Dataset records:
(* Consider the setting in the context, with $V>0$. Assume the random vectors $(T_1(t),\dots,T_K(t))$ are i.i.d. over slots. Let $S^*_{tot}$ denote the maximum, over all policies choosing $T_s(t)\in[0,T_s^{\max}]$, of $\liminf_{t\to\infty}\frac1t\sum_{\tau=0}^{t-1}\mathbb E[S_{tot}(\tau)]$ subject to $\limsup_{t\to\infty}\frac1t\sum_{\tau=0}^{t-1}\mathbb E[E_k(\tau)]\le E_k^{tot}$ for all $k$. Assume there is $\epsilon>0$ and a stationary randomized policy (choosing $T_s(t)\in[0,T_s^{\max}]$ as a possibly randomized function of the current $(T_1(t),\dots,T_K(t))$ only) under which $\mathbb E[S_{tot}(t)]=S^*_{tot}$ and $\mathbb E[E_k(t)]\le E_k^{tot}-\epsilon$ for all $k$. Let the EAD-PPDU policy choose at each slot $$T_s^*(t)\in\arg\max_{0\le T_s\le T_s^{\max}}\Big\{\sum_{k=1}^K\Big(F_k(t)-\frac{Y_k(t)}{V}E_k(t)\Big)\Big\},$$ with $Y_k(0)=0$. Then under EAD-PPDU, for every $t$, $$\Delta(\mathbf Y(t))-V\,\mathbb E[S_{tot}(t)\mid\mathbf Y(t)]\le B_2-\epsilon\sum_{k=1}^KY_k(t)-VS^*_{tot},$$ and consequently $$\limsup_{T\to\infty}\frac1T\sum_{t=0}^{T-1}\sum_{k=1}^K\mathbb E[Y_k(t)]\le\frac{B_2+VK}{\epsilon},\qquad \liminf_{T\to\infty}\frac1T\sum_{t=0}^{T-1}\mathbb E[S_{tot}(t)]\ge S^*_{tot}-\frac{B_2}{V},$$ where $B_2=\tfrac12K\big(E_{\max}^2+(E^{tot}_{\max})^2\big)$.
   Context: At each slot $t$, each of $K$ users has a transmission duration $T_k(t)\ge0$ (time needed to empty its buffer). A scheduling duration $T_s(t)\in[0,T_s^{\max}]$ is chosen. $F_k(t)=1$ if $T_s(t)\ge T_k(t)$, else $0$; $S_{tot}(t)=\sum_{k=1}^KF_k(t)$. Each user transmits (data plus padding) at fixed power $P>0$ for the whole duration, consuming energy $E_k(t)=T_s(t)P$; $E_{\max}=T_s^{\max}P$. Energy budgets $E_k^{tot}>0$, $E^{tot}_{\max}=\max_kE_k^{tot}$. Virtual queues $Y_k(t+1)=\max\{Y_k(t)-E_k^{tot},0\}+E_k(t)$, $\mathbf Y(t)=(Y_1(t),\dots,Y_K(t))$. $L(\mathbf Y)=\tfrac12\sum_kY_k^2$, $\Delta(\mathbf Y(t))=\mathbb E[L(\mathbf Y(t+1))-L(\mathbf Y(t))\mid\mathbf Y(t)]$. *)

theory Defs
  imports "HOL-Probability.Probability"
begin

What is being asked
Lines from the one containing "Context: At each" to the end of the data are to be printed exactly, including the first and last.

Response area
   Context: At each slot $t$, each of $K$ users has a transmission duration $T_k(t)\ge0$ (time needed to empty its buffer). A scheduling duration $T_s(t)\in[0,T_s^{\max}]$ is chosen. $F_k(t)=1$ if $T_s(t)\ge T_k(t)$, else $0$; $S_{tot}(t)=\sum_{k=1}^KF_k(t)$. Each user transmits (data plus padding) at fixed power $P>0$ for the whole duration, consuming energy $E_k(t)=T_s(t)P$; $E_{\max}=T_s^{\max}P$. Energy budgets $E_k^{tot}>0$, $E^{tot}_{\max}=\max_kE_k^{tot}$. Virtual queues $Y_k(t+1)=\max\{Y_k(t)-E_k^{tot},0\}+E_k(t)$, $\mathbf Y(t)=(Y_1(t),\dots,Y_K(t))$. $L(\mathbf Y)=\tfrac12\sum_kY_k^2$, $\Delta(\mathbf Y(t))=\mathbb E[L(\mathbf Y(t+1))-L(\mathbf Y(t))\mid\mathbf Y(t)]$. *)

theory Defs
  imports "HOL-Probability.Probability"
begin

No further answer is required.